_WHAT NEEDS TO BE DONE_
Using "moreover" as the search string, find the matching lines below and copy them.
*** Begin section ***
definition dball :: "('a \<Rightarrow> 'a \<Rightarrow> real) \<Rightarrow> 'a \<Rightarrow> real \<Rightarrow> 'a set" where
  "dball d x \<epsilon> = {y. d x y < \<epsilon>}"

definition dball_set :: "('a \<Rightarrow> 'a \<Rightarrow> real) \<Rightarrow> 'a set \<Rightarrow> real \<Rightarrow> 'a set" where
  "dball_set d A \<epsilon> = (\<Union>a\<in>A. dball d a \<epsilon>)"

definition has_open_balls :: "('a::topological_space \<Rightarrow> 'a \<Rightarrow> real) \<Rightarrow> bool" where
  "has_open_balls d \<longleftrightarrow> (\<forall>x \<epsilon>. open (dball d x \<epsilon>))"

definition right_continuous :: "('a::topological_space \<Rightarrow> 'a \<Rightarrow> real) \<Rightarrow> bool" where
  "right_continuous d \<longleftrightarrow> (\<forall>x. continuous_on UNIV (d x))"

definition dbar_dist :: "('a::topological_space \<Rightarrow> 'a \<Rightarrow> real) \<Rightarrow> 'a set \<Rightarrow> 'a \<Rightarrow> real" where
  "dbar_dist d A x = Inf {\<epsilon>. \<epsilon> > 0 \<and> x \<in> closure (dball_set d A \<epsilon>)}"

definition dbarcirc_dist :: "('a::topological_space \<Rightarrow> 'a \<Rightarrow> real) \<Rightarrow> 'a set \<Rightarrow> 'a \<Rightarrow> real" where
  "dbarcirc_dist d A x = Inf {\<epsilon>. \<epsilon> > 0 \<and>
      x \<in> dball_set d A \<epsilon> \<union> interior (closure (dball_set d A \<epsilon>))}"
(* Let $I\times J$ be a dyadic square and let $G_{i,j}$, $1\leq i\leq m$, $1\leq j\leq n$, be nonnegative bounded measurable functions on $I\times J$. Then $$\Big[\prod_{\substack{1\leq i\leq m\\1\leq j\leq n}}G_{i,j}(x_i,y_j)\Big]_{x_1,\ldots,x_m\in I,\ y_1,\ldots,y_n\in J}\leq\prod_{\substack{1\leq i\leq m\\1\leq j\leq n}}\big[G_{i,j}^{\max\{m,n\}}\big]_{I\times J}^{1/\max\{m,n\}}.$$
   Context: $[\cdot]_{x_1,\ldots,x_m\in I,\,y_1,\ldots,y_n\in J}$ denotes the average $\frac{1}{|I|^m|J|^n}\int_{I^m\times J^n}(\cdot)$, and $[G]_{I\times J}$ denotes the average of $G$ over the square $I\times J$. *)

theory Defs
  imports "HOL-Analysis.Analysis"
begin

definition dyadic_interval :: "int \<Rightarrow> int \<Rightarrow> real set" where
  "dyadic_interval k a = {real_of_int a * 2 powr real_of_int k ..< (real_of_int a + 1) * 2 powr real_of_int k}"

definition dyadic_square :: "real set \<Rightarrow> real set \<Rightarrow> bool" where
  "dyadic_square I J \<longleftrightarrow> (\<exists>k a b. I = dyadic_interval k a \<and> J = dyadic_interval k b)"

definition avg_sq :: "(real \<Rightarrow> real \<Rightarrow> real) \<Rightarrow> real set \<Rightarrow> real set \<Rightarrow> real" where
  "avg_sq g I J = (LINT z : I \<times> J | lborel. g (fst z) (snd z)) / (measure lborel I * measure lborel J)"
lemma even_block_arc_not_odd:
  assumes "k \<le> length cs" and "even k"
  shows "block_arc k \<notin> odd_block_arcs"
proof
  assume "block_arc k \<in> odd_block_arcs"
  then obtain k' where k': "k' < length cs" "odd k'" "block_arc k = block_arc k'"
    by (auto simp: odd_block_arcs_def)
  show False
  proof (cases k)
    case 0
    have "block_arc k' \<in> odd_block_arcs"
      using k'(1,2) by (simp add: odd_block_arcs_def)
    moreover have "block_arc k' = arc_in"
      using k'(3) 0 by (simp add: block_arc_def)
    ultimately show False
      using arc_in_outer odd_block_arcs_inner by auto
  next
    case (Suc m)
    with k' assms distinct_cs show False
      by (auto simp: block_arc_def nth_eq_iff_index_eq split: if_splits)
  qed
qed

lemma base_image_block_arc:
  assumes "k \<le> length cs"
  shows "base_image (block_arc k) = core_iter (to_base over_arc) merged_arc k"
proof (cases "odd k")
  case True
  with assms even_length_cs have "k < length cs"
    using le_neq_implies_less by blast
  with True show ?thesis
    by (auto simp: base_image_def odd_block_arcs_def core_iter_def)
next
  case False
  with assms have "block_arc k \<notin> odd_block_arcs"
    by (simp add: even_block_arc_not_odd)
  moreover have "to_base (block_arc k) = merged_arc"
    using assms to_base_arc_in by (auto simp: block_arc_def to_base_def)
  ultimately show ?thesis
    using False by (simp add: base_image_outer core_iter_def)
qed

lemma word_subst_lift_image: "word_subst lift_image w = map (apfst from_base) w"
  unfolding lift_image_def [abs_def] by (rule word_subst_letters)
(* For a 2x2 matrix Z = [a b; c d] put
     Delta = det (1 - Z^* Z) = 1 - (|a|^2 + |b|^2 + |c|^2 + |d|^2) + |ad - bc|^2.
   Then ||Z|| < 1 as soon as Delta > 0 and |det Z| < 1, and inverting 1 - Z^* Z and 1 - Z Z^*
   explicitly shows that K_Z(rho) is Hermitian with
     k11 k22 - |k12|^2 = ((1 - rho^2) (|d|^2 - rho^2 |a|^2) - rho^2 Delta) / Delta,
   which is not positive when |d| <= rho |a|.
   For Z_nu one finds det Z_nu = q/lambda0 and Delta = |w|^2 (C - nu^2 - 1/nu^2), where C is the
   right-hand side of the equation for theta1, theta2.  Since theta1 theta2 = 1 and
   theta1 + theta2 = C, Delta > 0 exactly for theta1 < nu^2 < theta2.  Finally |q| < |lambda0|
   because |q| <= ||Phi_1(., y)||, as one sees by comparing |Phi_1(u, y)| with |q| at a suitable
   u = 1 or u = -1; and |d| <= |lambda0| |a| is the hypothesis |y2| <= |y1|. *)

definition mat2 :: "'a \<Rightarrow> 'a \<Rightarrow> 'a \<Rightarrow> 'a \<Rightarrow> 'a^2^2" where
  "mat2 a b c d = (\<chi> i j. if i = 1 \<and> j = 1 then a else if i = 1 \<and> j = 2 then b
                         else if i = 2 \<and> j = 1 then c else d)"

lemma mat2_nth [simp]:
  "mat2 a b c d $ 1 $ 1 = a" "mat2 a b c d $ 1 $ 2 = b"
  "mat2 a b c d $ 2 $ 1 = c" "mat2 a b c d $ 2 $ 2 = d"
  by (simp_all add: mat2_def)

lemma eq_mat2_iff: "A = mat2 a b c d \<longleftrightarrow> A$1$1 = a \<and> A$1$2 = b \<and> A$2$1 = c \<and> A$2$2 = d"
  by (auto simp: vec_eq_iff forall_2)

lemma mat2_mult:
  fixes a b c d e f g h :: "'a::semiring_1"
  shows "mat2 a b c d ** mat2 e f g h = mat2 (a*e + b*g) (a*f + b*h) (c*e + d*g) (c*f + d*h)"
  by (simp add: eq_mat2_iff matrix_matrix_mult_def sum_2)

lemma mat_1_eq_mat2: "(mat 1 :: 'a::zero_neq_one^2^2) = mat2 1 0 0 1"
  by (simp add: eq_mat2_iff mat_def)

lemma mat2_diff: "mat2 a b c d - mat2 e f g h = mat2 (a - e) (b - f) (c - g) (d - h)"
  by (simp add: eq_mat2_iff)

lemma scaleR_mat2:
  fixes a b c d :: complex
  shows "k *\<^sub>R mat2 a b c d = mat2 (of_real k * a) (of_real k * b) (of_real k * c) (of_real k * d)"
  by (simp add: eq_mat2_iff) (simp add: scaleR_conv_of_real)

lemma adj_mat2: "adj (mat2 a b c d) = mat2 (cnj a) (cnj c) (cnj b) (cnj d)"
  by (simp add: eq_mat2_iff adj_def)

lemma mat2_mult_vec:
  "mat2 a b c d *v x = (\<chi> i. if i = 1 then a * x$1 + b * x$2 else c * x$1 + d * x$2)"
  by (simp add: matrix_vector_mult_def sum_2 vec_eq_iff forall_2)

lemma norm_vec2_sq: "(norm (x :: complex^2))\<^sup>2 = (cmod (x$1))\<^sup>2 + (cmod (x$2))\<^sup>2"
  by (simp add: norm_vec_def L2_set_def sum_2)

lemma matrix_inv_unique:
  fixes A B :: "'a::comm_ring_1^'n^'n"
  assumes "A ** B = mat 1" "B ** A = mat 1"
  shows "matrix_inv A = B"
proof -
  have inv: "matrix_inv A ** A = mat 1"
    using someI_ex[of "\<lambda>A'. A ** A' = mat 1 \<and> A' ** A = mat 1"] assms
    unfolding matrix_inv_def by blast
  have "matrix_inv A = matrix_inv A ** (A ** B)" by (simp add: assms(1) matrix_mul_rid)
  also have "\<dots> = B" by (simp add: matrix_mul_assoc inv matrix_mul_lid)
  finally show ?thesis .
qed

lemma matrix_inv_mat2:
  fixes A :: "'a::field^2^2"
  assumes "det A \<noteq> 0"
  shows "matrix_inv A = mat2 (A$2$2 / det A) (- A$1$2 / det A) (- A$2$1 / det A) (A$1$1 / det A)"
proof -
  obtain p q r t where A: "A = mat2 p q r t" by (metis eq_mat2_iff)
  define \<delta> where "\<delta> = p * t - q * r"
  have "\<delta> \<noteq> 0" using assms by (simp add: A det_2 \<delta>_def)
  then have "matrix_inv A = mat2 (t / \<delta>) (- q / \<delta>) (- r / \<delta>) (p / \<delta>)"
    unfolding A by (intro matrix_inv_unique)
      (simp_all add: mat2_mult mat_1_eq_mat2 eq_mat2_iff add_divide_distrib [symmetric]
        diff_divide_distrib [symmetric], simp_all add: \<delta>_def algebra_simps)
  then show ?thesis by (simp add: A det_2 \<delta>_def)
qed
(* If $\mathfrak b\leq\mathfrak{ss}_{i,o}$, then $\mathfrak{ss}_{i,o}=\mathfrak{ss}_o$. Dually, if $\mathfrak d\geq\mathfrak{ss}_{i,o}^\perp$, then $\mathfrak{ss}_{i,o}^\perp=\mathfrak{ss}_o^\perp$.
   Context: Let $\mathfrak S_{cc}$ be the set of all sequences $\mathbf a=\langle a_i:i\in\omega\rangle$ of rational numbers with $a_i\to0$ such that $\sum_i a_i$ is conditionally convergent (converges to a real number, with the positive terms summing to $+\infty$ and the negative terms to $-\infty$). Let $[\omega]^\omega_\omega$ be the set of infinite coinfinite subsets of $\omega$; for such $X$ with increasing enumeration $\langle i_n\rangle$, $\sum_X\mathbf a$ denotes $\sum_n a_{i_n}$. A series diverges if it does not converge to a real number; it diverges by oscillation if its partial sums do not have a unique accumulation point in $\mathbb R\cup\{+\infty,-\infty\}$ (here $\pm\infty$ counts as an accumulation point when the partial sums are unbounded above, resp. below). $\mathfrak{ss}_{i,o}$ (resp. $\mathfrak{ss}_o$) is the least cardinality of $\mathcal X\subseteq[\omega]^\omega_\omega$ such that every $\mathbf a\in\mathfrak S_{cc}$ has some $X\in\mathcal X$ with $\sum_X\mathbf a$ divergent (resp. divergent by oscillation); $\mathfrak{ss}_{i,o}^\perp$ (resp. $\mathfrak{ss}_o^\perp$) is the least cardinality of $\mathcal A\subseteq\mathfrak S_{cc}$ such that no $X\in[\omega]^\omega_\omega$ makes $\sum_X\mathbf a$ divergent (resp. divergent by oscillation) for all $\mathbf a\in\mathcal A$. $\mathfrak b$, $\mathfrak d$ are the bounding and dominating numbers. *)

theory Defs
  imports "HOL-Analysis.Analysis" "HOL-Library.Infinite_Set"
begin

(* Minimal cardinality (as a cardinal = well-order relation, up to ordIso) of a set
   satisfying P: the cardinal |A| of some A with P A such that |A| \<le>o |B| for all B with P B. *)
definition mincard :: "('a set \<Rightarrow> bool) \<Rightarrow> 'a rel" where
  "mincard P = (SOME r. \<exists>A. P A \<and> r = card_of A \<and> (\<forall>B. P B \<longrightarrow> (card_of A, card_of B) \<in> ordLeq))"

definition infcoinf :: "nat set set" where
  "infcoinf = {X. infinite X \<and> infinite (- X)}"

definition Scc :: "(nat \<Rightarrow> rat) set" where
  "Scc = {a. (\<lambda>i. real_of_rat (a i)) \<longlonglongrightarrow> 0
            \<and> summable (\<lambda>i. real_of_rat (a i))
            \<and> \<not> summable (\<lambda>i. max 0 (real_of_rat (a i)))
            \<and> \<not> summable (\<lambda>i. min 0 (real_of_rat (a i)))}"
*** End section ***
_OUTPUT OF THE TASK_
    moreover have "block_arc k' = arc_in"
  moreover have "to_base (block_arc k) = merged_arc"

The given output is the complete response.